Rainy afternoons call for ginataang mais, a Filipino porridge of young corn kernels and malagkit rice cooked in coconut milk.
Long-grain glutinous rice keeps its shape better than short-grain, which tends to break down and turn mushy by the time the ginataan thickens. We suggest using fresh corn for its natural sweetness, but canned sweet corn will work fine in a pinch. Adding coconut cream at the end provides extra creaminess and flavor.

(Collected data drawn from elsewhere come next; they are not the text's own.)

lemma tuple_eq_single_at_mult:
  assumes m: "0 < m" "m < p" and s: "\<And>y. y < p \<Longrightarrow> s y \<in> carrier (Sym p)"
    and one: "\<And>y. y < p \<Longrightarrow> y \<noteq> 0 \<Longrightarrow> y \<noteq> m \<Longrightarrow> s y = \<one>\<^bsub>Sym p\<^esub>"
  shows "tuple s = single_at 0 (s 0) \<otimes>\<^bsub>Sym p\<^esub> single_at m (s m)"
  unfolding single_at_def using assms p_pos
  by (subst tuple_mult) (auto intro!: tuple_cong simp: one)

text \<open>The sections of \<open>[b\<^sup>s\<^sup>1, a\<^sup>m b\<^sup>n a\<^sup>-\<^sup>m] \<in> G\<close> are trivial except at \<open>0\<close>, where they lie in \<open>K\<close>
  by the previous lemma, and at \<open>m\<close>, where one finds \<open>[a\<^bsup>E 0 m\<^esup>, b\<^sup>n]\<close>.\<close>

lemma comm_b_aut_apow_E_in_K:
  assumes m: "0 < m" "m < p"
  shows "comm (b_aut p r E n) (apow (E 0 m)) \<in> K"
proof -
  define T where "T = [La m, Lb n, La (p - m)]"
  define \<sigma> where "\<sigma> y = (if y = 0 then b_aut p r E s1 else apow (dotE s1 y))" for y
  define \<tau> where "\<tau> y = eval_word (word_section T y)" for y
  have \<sigma>_in: "\<sigma> y \<in> carrier (Sym p)" and \<tau>_in: "\<tau> y \<in> carrier (Sym p)" for y
    by (simp_all add: \<sigma>_def \<tau>_def)
  have \<tau>: "\<tau> y = (if y = m then b_aut p r E n else apow (dotE n ((y + (p - m)) mod p)))" if "y < p" for y
    using that m add_minus_mod_eq_0_iff[OF that m(2)] by (simp add: \<tau>_def T_def)
  have "b_aut p r E s1 = tuple \<sigma>"
    unfolding \<sigma>_def[abs_def] by (rule b_aut_eq_tuple)
  moreover have "eval_word T = tuple \<tau>"
    unfolding \<tau>_def[abs_def] using m by (intro eval_word_eq_tuple) (simp add: T_def)
  ultimately have "comm (b_aut p r E s1) (eval_word T) = tuple (\<lambda>y. comm (\<sigma> y) (\<tau> y))"
    using \<sigma>_in \<tau>_in by (simp add: tuple_comm)
  also have "\<dots> = single_at 0 (comm (\<sigma> 0) (\<tau> 0)) \<otimes>\<^bsub>Sym p\<^esub> single_at m (comm (\<sigma> m) (\<tau> m))"
    using m \<sigma>_in \<tau>_in by (intro tuple_eq_single_at_mult) (simp_all add: \<sigma>_def \<tau> comm_apow_apow)
  finally have eq: "single_at m (comm (\<sigma> m) (\<tau> m)) =
      inv\<^bsub>Sym p\<^esub> (single_at 0 (comm (\<sigma> 0) (\<tau> 0))) \<otimes>\<^bsub>Sym p\<^esub> comm (b_aut p r E s1) (eval_word T)"
    using \<sigma>_in \<tau>_in by (simp add: single_at_in_Sym Sym.m_assoc[symmetric])
  have "comm (\<sigma> 0) (\<tau> 0) \<in> K"
    using m \<tau>[of 0] by (simp add: \<sigma>_def comm_b_s1_apow_in_K)
  then have "inv\<^bsub>Sym p\<^esub> (single_at 0 (comm (\<sigma> 0) (\<tau> 0))) \<in> G_reg"
    using subgroup.m_inv_closed[OF subgroup_G_reg] by (simp add: K_def)
  moreover have "comm (b_aut p r E s1) (eval_word T) \<in> G_reg"
    using subgroup.m_closed[OF subgroup_G] subgroup.m_inv_closed[OF subgroup_G] b_aut_in_G eval_word_in_G
    by (intro G_subset_G_reg) (simp add: comm_def)
  ultimately have "single_at m (comm (\<sigma> m) (\<tau> m)) \<in> G_reg"
    unfolding eq by (rule subgroup.m_closed[OF subgroup_G_reg])
  then have "comm (\<sigma> m) (\<tau> m) \<in> K"
    using single_at_in_G_reg_iff[OF m(2)] \<sigma>_in \<tau>_in by simp
  then have "inv\<^bsub>Sym p\<^esub> (comm (\<sigma> m) (\<tau> m)) \<in> K"
    by (rule subgroup.m_inv_closed[OF subgroup_K])
  then show ?thesis
    using m \<tau>[of m] by (simp add: \<sigma>_def dotE_s1 inv_comm)
qed
definition is_partition :: "'a set \<Rightarrow> 'a set set \<Rightarrow> bool" where
  "is_partition U P \<longleftrightarrow> (\<forall>B\<in>P. B \<noteq> {} \<and> B \<subseteq> U) \<and> \<Union>P = U \<and>
     (\<forall>B\<in>P. \<forall>C\<in>P. B \<noteq> C \<longrightarrow> B \<inter> C = {})"

definition assoc_scheme :: "'a set \<Rightarrow> ('a \<times> 'a) set set \<Rightarrow> bool" where
  "assoc_scheme X S \<longleftrightarrow> finite X \<and> is_partition (X \<times> X) S \<and> Id_on X \<in> S \<and>
     (\<forall>g\<in>S. converse g \<in> S) \<and>
     (\<forall>e\<in>S. \<forall>f\<in>S. \<forall>g\<in>S. \<forall>p\<in>g. \<forall>q\<in>g.
        card {y\<in>X. (fst p, y) \<in> e \<and> (y, snd p) \<in> f} =
        card {y\<in>X. (fst q, y) \<in> e \<and> (y, snd q) \<in> f})"

(* The trivial partition {1, sigma} (sigma omitted when empty, i.e. |X| = 1). *)
definition trivial_part :: "'a set \<Rightarrow> ('a \<times> 'a) set set" where
  "trivial_part X = {Id_on X, (X \<times> X) - Id_on X} - {{}}"

(* Thin quasi-schemoids: a category in which every Hom-set has at most one element.
   A morphism y -> x is encoded as the pair (x, y) (so Hom(y,x) = {(x,y)}, as for
   jmath(X,S)); composition is (z,x) o (x,y) = (z,y), identities are (x,x).
   A functor F between thin categories is determined by its object map:
   it sends the morphism (a,b) to the unique morphism (F a, F b).  *)
definition qs_morph ::
  "'o set \<Rightarrow> ('o \<times> 'o) set \<Rightarrow> ('o \<times> 'o) set set \<Rightarrow>
   'p set \<Rightarrow> ('p \<times> 'p) set \<Rightarrow> ('p \<times> 'p) set set \<Rightarrow> ('o \<Rightarrow> 'p) \<Rightarrow> bool" where
  "qs_morph Ob Mor P Ob' Mor' P' F \<longleftrightarrow>
     (\<forall>a\<in>Ob. F a \<in> Ob') \<and> (\<forall>(a,b)\<in>Mor. (F a, F b) \<in> Mor') \<and>
     (\<forall>B\<in>P. \<exists>B'\<in>P'. \<forall>(a,b)\<in>B. (F a, F b) \<in> B')"

definition prod_mor :: "('o \<times> 'o) set \<Rightarrow> ('q \<times> 'q) set \<Rightarrow> (('o \<times> 'q) \<times> ('o \<times> 'q)) set" where
  "prod_mor M M' = {((a,a'),(b,b')) | a b a' b'. (a,b) \<in> M \<and> (a',b') \<in> M'}"

definition prod_part :: "('o \<times> 'o) set set \<Rightarrow> ('q \<times> 'q) set set \<Rightarrow> (('o \<times> 'q) \<times> ('o \<times> 'q)) set set" where
  "prod_part P P' = {prod_mor B B' | B B'. B \<in> P \<and> B' \<in> P'}"

(* I = ([1], discrete partition): objects 0,1; morphisms 1_0=(0,0), 1_1=(1,1), 0->1 = (1,0) *)
definition I_ob :: "nat set" where "I_ob = {0,1}"
definition I_mor :: "(nat \<times> nat) set" where "I_mor = {(0,0),(1,1),(1,0)}"
definition I_part :: "(nat \<times> nat) set set" where "I_part = (\<lambda>f. {f}) ` I_mor"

- 1 cup glutinous rice, preferably long-grain
- 4 cups water
- 3 cups coconut milk
- ½ cup white sugar
- 3 cups fresh corn kernels
- 1 cup coconut cream
Combine rice, water, and coconut milk in a large pot over high heat, stirring to mix. Once boiling, stir the mixture again to avoid rice from clumping. Reduce the heat to low and maintain a simmer.
Continue cooking the porridge over low heat, stirring often to avoid scorching the bottom, until rice is tender, about 10–15 minutes.
Once the rice is tender, turn the heat all the way up to high and cook the rice, stirring vigorously to break up the grains and release the starches, until the mixture has thickened, about 10 minutes.
Reduce heat to medium. Stir in the sugar, corn, and coconut cream. Mix until well combined. Remove from heat and divide between bowls. Serve immediately.